About 140 men from the Eastern Frontier Rifles were leading the march on the road that cuts through paddy fields around 4.15pm when bandanna-wrapped heads could be seen to the left. But bereft of binoculars, the police could see just the heads and not the rifles lying at the men’s feet, caught on the telescopic cameras of the trailing journalists.
When the heads started moving one by one, the police mistook them for those of retreating villagers. After the movement stopped, the police realised the enemy had taken position. Then arrows started raining on the policemen on the road, mostly armed with shields and batons.

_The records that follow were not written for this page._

(* Let $H$ be a group, $K\lneq H$, $\phi\in\operatorname{Aut}(H)$, $G=\langle H,t;\ tkt^{-1}=\phi(k),\ k\in K\rangle$. Let $g\in G$ and $x,y\in H$ satisfy $g^{-1}ytg=x^{-1}\phi(x)t$ and $g^{-1}hg=x^{-1}hx$ for all $h\in H$. Then $g\in K$. *)

theory Defs
  imports "HOL-Algebra.Algebra"
begin

text \<open>HNN extension G = < H, t ; t k t^-1 = phi(k), k in K > given by its presentation:
  words in letters Gen h (h in carrier H), T (= t), Tinv (= t^-1), modulo the
  congruence generated by the relations of H, t t^-1 = 1 = t^-1 t, and t k t^-1 = phi k.\<close>

datatype 'a hnn_letter = Gen 'a | T | Tinv

definition hnn_word :: "('a, 'b) monoid_scheme \<Rightarrow> 'a hnn_letter list \<Rightarrow> bool" where
  "hnn_word H w \<longleftrightarrow> (\<forall>l \<in> set w. case l of Gen h \<Rightarrow> h \<in> carrier H | _ \<Rightarrow> True)"

inductive hnn_rel :: "('a, 'b) monoid_scheme \<Rightarrow> 'a set \<Rightarrow> ('a \<Rightarrow> 'a)
    \<Rightarrow> 'a hnn_letter list \<Rightarrow> 'a hnn_letter list \<Rightarrow> bool"
  for H K \<phi> where
  mult: "\<lbrakk>hnn_word H u; hnn_word H v; h1 \<in> carrier H; h2 \<in> carrier H\<rbrakk> \<Longrightarrow>
     hnn_rel H K \<phi> (u @ [Gen h1, Gen h2] @ v) (u @ [Gen (h1 \<otimes>\<^bsub>H\<^esub> h2)] @ v)"
| one: "\<lbrakk>hnn_word H u; hnn_word H v\<rbrakk> \<Longrightarrow>
     hnn_rel H K \<phi> (u @ [Gen \<one>\<^bsub>H\<^esub>] @ v) (u @ v)"
| t_tinv: "\<lbrakk>hnn_word H u; hnn_word H v\<rbrakk> \<Longrightarrow>
     hnn_rel H K \<phi> (u @ [T, Tinv] @ v) (u @ v)"
| tinv_t: "\<lbrakk>hnn_word H u; hnn_word H v\<rbrakk> \<Longrightarrow>
     hnn_rel H K \<phi> (u @ [Tinv, T] @ v) (u @ v)"
| conj: "\<lbrakk>hnn_word H u; hnn_word H v; k \<in> K; k \<in> carrier H; \<phi> k \<in> carrier H\<rbrakk> \<Longrightarrow>
     hnn_rel H K \<phi> (u @ [T, Gen k, Tinv] @ v) (u @ [Gen (\<phi> k)] @ v)"
| refl: "hnn_word H w \<Longrightarrow> hnn_rel H K \<phi> w w"
| sym: "hnn_rel H K \<phi> a b \<Longrightarrow> hnn_rel H K \<phi> b a"
| trans: "hnn_rel H K \<phi> a b \<Longrightarrow> hnn_rel H K \<phi> b c \<Longrightarrow> hnn_rel H K \<phi> a c"

definition HNN :: "('a, 'b) monoid_scheme \<Rightarrow> 'a set \<Rightarrow> ('a \<Rightarrow> 'a)
    \<Rightarrow> 'a hnn_letter list set monoid" where
  "HNN H K \<phi> = \<lparr>carrier = {w. hnn_word H w} // {(a, b). hnn_rel H K \<phi> a b},
     monoid.mult = (\<lambda>A B. \<Union>a\<in>A. \<Union>b\<in>B. {c. hnn_rel H K \<phi> (a @ b) c}),
     monoid.one = {c. hnn_rel H K \<phi> [] c}\<rparr>"

definition hnn_emb :: "('a, 'b) monoid_scheme \<Rightarrow> 'a set \<Rightarrow> ('a \<Rightarrow> 'a) \<Rightarrow> 'a \<Rightarrow> 'a hnn_letter list set" where
  "hnn_emb H K \<phi> h = {c. hnn_rel H K \<phi> [Gen h] c}"

definition hnn_t :: "('a, 'b) monoid_scheme \<Rightarrow> 'a set \<Rightarrow> ('a \<Rightarrow> 'a) \<Rightarrow> 'a hnn_letter list set" where
  "hnn_t H K \<phi> = {c. hnn_rel H K \<phi> [T] c}"

end

theory Submission
  imports Defs
begin

text \<open>The HNN extension acts on Britton normal forms \<open>c t\<^sup>e\<^sup>1 r\<^sub>1 \<cdots> t\<^sup>e\<^sup>n r\<^sub>n\<close>
  (van der Waerden's trick). The action respects the defining relations, and acting by a word
  on the trivial normal form yields a normal form equal to that word, so two words are equal in
  the HNN extension iff they have the same normal form.

  The second hypothesis says that \<open>z = g x\<inverse>\<close> centralises \<open>H\<close>. Right multiplication of a
  normal form by \<open>h \<in> H\<close> leaves its length unchanged and replaces the last representative
  \<open>r\<^sub>n\<close> by the representative of \<open>r\<^sub>n h\<close>; if \<open>z \<notin> H\<close>, comparing the normal forms of \<open>h z\<close> and
  \<open>z h\<close> forces \<open>r\<^sub>n H r\<^sub>n\<inverse>\<close> into \<open>K\<close> or \<open>\<phi> K\<close>, i.e. \<open>K = H\<close>. So \<open>g = w \<in> H\<close>, and the first
  hypothesis becomes \<open>a t w = b t\<close> with \<open>a, b \<in> H\<close>, whose normal forms
  \<open>a' t (rep w)\<close> and \<open>b' t 1\<close> agree only if \<open>w \<in> K\<close>.\<close>

lemma hnn_word_simps [simp]:
  "hnn_word H []"
  "hnn_word H (a # w) \<longleftrightarrow> (case a of Gen h \<Rightarrow> h \<in> carrier H | _ \<Rightarrow> True) \<and> hnn_word H w"
  "hnn_word H (u @ v) \<longleftrightarrow> hnn_word H u \<and> hnn_word H v"
  by (auto simp: hnn_word_def)

lemma hnn_rel_words:
  "hnn_rel H K \<phi> a b \<Longrightarrow> group H \<Longrightarrow> hnn_word H a \<and> hnn_word H b"
  by (induction rule: hnn_rel.induct) (auto simp: group.is_monoid monoid.m_closed)

declare hnn_rel.trans [trans]

lemma hnn_rel_cong:
  assumes "hnn_rel H K \<phi> a b" "hnn_word H u" "hnn_word H v"
  shows "hnn_rel H K \<phi> (u @ a @ v) (u @ b @ v)"
  using assms
proof (induction rule: hnn_rel.induct)
  case (mult u' v' h1 h2)
  then show ?case using hnn_rel.mult[of H "u @ u'" "v' @ v" h1 h2 K \<phi>] by simp
next
  case (one u' v')
  then show ?case using hnn_rel.one[of H "u @ u'" "v' @ v" K \<phi>] by simp
next
  case (t_tinv u' v')
  then show ?case using hnn_rel.t_tinv[of H "u @ u'" "v' @ v" K \<phi>] by simp
next
  case (tinv_t u' v')
  then show ?case using hnn_rel.tinv_t[of H "u @ u'" "v' @ v" K \<phi>] by simp
next
  case (conj u' v' k)
  then show ?case using hnn_rel.conj[of H "u @ u'" "v' @ v" k K \<phi>] by simp
qed (auto intro: hnn_rel.intros)

lemma hnn_rel_append:
  assumes "group H" "hnn_rel H K \<phi> a a'" "hnn_rel H K \<phi> b b'"
  shows "hnn_rel H K \<phi> (a @ b) (a' @ b')"
proof -
  have "hnn_rel H K \<phi> ([] @ a @ b) ([] @ a' @ b)"
    using assms hnn_rel_words[OF assms(3,1)] by (intro hnn_rel_cong) auto
  also have "hnn_rel H K \<phi> ([] @ a' @ b) (a' @ b' @ [])"
    using assms hnn_rel_words[OF assms(2,1)] hnn_rel_cong[of H K \<phi> b b' a' "[]"] by auto
  finally show ?thesis by simp
qed

lemma hnn_rel_mult_letters:
  "h1 \<in> carrier H \<Longrightarrow> h2 \<in> carrier H \<Longrightarrow> hnn_rel H K \<phi> [Gen h1, Gen h2] [Gen (h1 \<otimes>\<^bsub>H\<^esub> h2)]"
  using hnn_rel.mult[of H "[]" "[]"] by simp

lemma hnn_rel_one_letter: "hnn_rel H K \<phi> [Gen \<one>\<^bsub>H\<^esub>] []"
  using hnn_rel.one[of H "[]" "[]"] by simp

abbreviation hnn_class :: "('a, 'b) monoid_scheme \<Rightarrow> 'a set \<Rightarrow> ('a \<Rightarrow> 'a)
    \<Rightarrow> 'a hnn_letter list \<Rightarrow> 'a hnn_letter list set" where
  "hnn_class H K \<phi> w \<equiv> {c. hnn_rel H K \<phi> w c}"

lemma hnn_class_eq_iff:
  assumes "group H" "hnn_word H b"
  shows "hnn_class H K \<phi> a = hnn_class H K \<phi> b \<longleftrightarrow> hnn_rel H K \<phi> a b"
  using assms by (auto intro: hnn_rel.refl hnn_rel.sym hnn_rel.trans)

lemma carrier_HNN: "carrier (HNN H K \<phi>) = hnn_class H K \<phi> ` {w. hnn_word H w}"
  by (auto simp: HNN_def quotient_def Image_def)

lemma one_HNN: "\<one>\<^bsub>HNN H K \<phi>\<^esub> = hnn_class H K \<phi> []"
  by (simp add: HNN_def)

lemma mult_HNN:
  assumes "group H" "hnn_word H a" "hnn_word H b"
  shows "hnn_class H K \<phi> a \<otimes>\<^bsub>HNN H K \<phi>\<^esub> hnn_class H K \<phi> b = hnn_class H K \<phi> (a @ b)"
proof -
  have "hnn_rel H K \<phi> a a" "hnn_rel H K \<phi> b b"
    using assms by (auto intro: hnn_rel.refl)
  moreover have "hnn_rel H K \<phi> (a @ b) c"
    if "hnn_rel H K \<phi> a a'" "hnn_rel H K \<phi> b b'" "hnn_rel H K \<phi> (a' @ b') c" for a' b' c
    using that hnn_rel_append[OF assms(1)] hnn_rel.trans by blast
  ultimately show ?thesis unfolding HNN_def by auto
qed

primrec inv_letter :: "('a, 'b) monoid_scheme \<Rightarrow> 'a hnn_letter \<Rightarrow> 'a hnn_letter" where
  "inv_letter H (Gen h) = Gen (inv\<^bsub>H\<^esub> h)"
| "inv_letter H T = Tinv"
| "inv_letter H Tinv = T"

lemma hnn_rel_inv_letter:
  assumes "group H" "hnn_word H [a]"
  shows "hnn_word H [inv_letter H a]" "hnn_rel H K \<phi> [inv_letter H a, a] []"
proof -
  show "hnn_word H [inv_letter H a]"
    using assms by (cases a) (auto simp: group.inv_closed)
  show "hnn_rel H K \<phi> [inv_letter H a, a] []"
  proof (cases a)
    case (Gen h)
    then have "hnn_rel H K \<phi> [inv_letter H a, a] [Gen \<one>\<^bsub>H\<^esub>]"
      using assms hnn_rel_mult_letters[of "inv\<^bsub>H\<^esub> h" H h] by (simp add: group.l_inv)
    then show ?thesis using hnn_rel_one_letter hnn_rel.trans by blast
  qed (use hnn_rel.t_tinv[of H "[]" "[]"] hnn_rel.tinv_t[of H "[]" "[]"] in simp_all)
qed

lemma hnn_rel_inv_word:
  assumes "group H" "hnn_word H w"
  shows "hnn_word H (rev (map (inv_letter H) w))
    \<and> hnn_rel H K \<phi> (rev (map (inv_letter H) w) @ w) []"
  using assms(2)
proof (induction w)
  case (Cons a w)
  let ?v = "rev (map (inv_letter H) w)"
  have a: "hnn_word H [a]" using Cons.prems by (cases a) auto
  have "hnn_rel H K \<phi> (?v @ [inv_letter H a, a] @ w) (?v @ [] @ w)"
    using Cons a by (intro hnn_rel_cong hnn_rel_inv_letter assms) auto
  then show ?case using Cons a hnn_rel_inv_letter(1)[OF assms(1) a] by (auto intro: hnn_rel.trans)
qed (auto intro: hnn_rel.refl)

lemma group_HNN:
  assumes "group H"
  shows "group (HNN H K \<phi>)"
proof (rule groupI)
  show "\<one>\<^bsub>HNN H K \<phi>\<^esub> \<in> carrier (HNN H K \<phi>)"
    by (auto simp: carrier_HNN one_HNN)
next
  fix a assume "a \<in> carrier (HNN H K \<phi>)"
  then obtain w where w: "hnn_word H w" "a = hnn_class H K \<phi> w"
    by (auto simp: carrier_HNN)
  then show "\<exists>b\<in>carrier (HNN H K \<phi>). b \<otimes>\<^bsub>HNN H K \<phi>\<^esub> a = \<one>\<^bsub>HNN H K \<phi>\<^esub>"
    using hnn_rel_inv_word[OF assms w(1)] assms
    by (auto simp: carrier_HNN mult_HNN one_HNN hnn_class_eq_iff)
qed (auto simp: carrier_HNN mult_HNN one_HNN assms)

lemma (in group) conj_eq_imp_commute:
  assumes "g \<in> carrier G" "a \<in> carrier G" "c \<in> carrier G"
    and "inv g \<otimes> a \<otimes> g = inv c \<otimes> a \<otimes> c"
  shows "a \<otimes> (g \<otimes> inv c) = (g \<otimes> inv c) \<otimes> a"
proof -
  have "a \<otimes> g = g \<otimes> (inv c \<otimes> a \<otimes> c)"
    using assms inv_solve_left' by (simp add: m_assoc)
  then have "a \<otimes> g \<otimes> inv c = g \<otimes> inv c \<otimes> a"
    using assms by (simp add: m_assoc)
  then show ?thesis using assms by (simp add: m_assoc)
qed

context group
begin

text \<open>The representative of \<open>S\<close> itself is \<open>\<one>\<close>, so \<open>coset_rep S a = \<one>\<close> detects \<open>a \<in> S\<close>.\<close>

definition coset_rep :: "'a set \<Rightarrow> 'a \<Rightarrow> 'a" where
  "coset_rep S a = (if S #> a = S then \<one> else (SOME r. r \<in> S #> a))"

context
  fixes S assumes S: "subgroup S G"
begin

lemma coset_rep_in_coset: "a \<in> carrier G \<Longrightarrow> coset_rep S a \<in> S #> a"
  unfolding coset_rep_def
  using rcos_self[OF _ S] subgroup.one_closed[OF S] by (metis someI)

lemma coset_rep_carrier [simp]: "a \<in> carrier G \<Longrightarrow> coset_rep S a \<in> carrier G"
  using coset_rep_in_coset subgroup.elemrcos_carrier[OF S is_group] by blast

lemma coset_rep_factor: "a \<in> carrier G \<Longrightarrow> a \<otimes> inv coset_rep S a \<in> S"
  using coset_rep_in_coset subgroup.rcos_module_imp[OF S is_group]
  by (metis coset_rep_carrier inv_mult_group inv_inv subgroup.m_inv_closed[OF S] inv_closed)

lemma coset_rep_eq_one_iff: "a \<in> carrier G \<Longrightarrow> coset_rep S a = \<one> \<longleftrightarrow> a \<in> S"
  unfolding coset_rep_def
  using coset_join1[OF _ _ S] coset_join2[OF _ S] coset_rep_in_coset repr_independence[OF _ _ S]
  by (metis coset_rep_def coset_mult_one subgroup.subset[OF S])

The few who had rifles asked their officers if they should fire, but one of the three additional superintendents leading the march ordered tear-gas shelling.
In reply to the tear gas came bullets. The heads were now closing in on the police, who were running for cover, when the landmine went off.
At one point, the entire force had gone into hiding leaving the additional superintendents to fend for themselves.
However, the force regrouped and returned fire from the roof of a forest office and a three-storey building on the outskirts of Tinboni, about 400 metres from the enemy line.
The police’s retaliatory fire became stronger with the arrival of reinforcements around 5.30pm and the gun battle continued for an hour.
As night fell, the forces withdrew to Goaltore but one of the additional superintendents claimed the Maoists had suffered heavier blows than the police. “We saw six of them being carried away. They must be dead,” he said.
Elsewhere, the march through the Jhitka forest, led by a minesweeper, flanked by the Cobras and tailed by a long line of cops, ended in Lalgarh almost uneventfully.
Kadashole, about 30km from Lalgarh, proved the battle had just begun. The challenge would be to flush out the guerrillas and their supporters from the surrounding villages.
Those injured today included jawan Tarun Pyne, who was hit by bullets in his right hand and leg, ASI Dipak Pandey (splinter in right hand) and jawans Amit Sasmal (splinter in the groin) and Sandip Dutta (splinter in the right wrist).
The four policemen injured in yesterday’s blast near Pirakata were brought to Calcutta. SDPO Amit Javalgi and his security guard Ajit Pal, 36, need surgery to repair their perforated eardrums. Liaqat Ali, 49, who drives Javalgi’s jeep, has splinters in his head.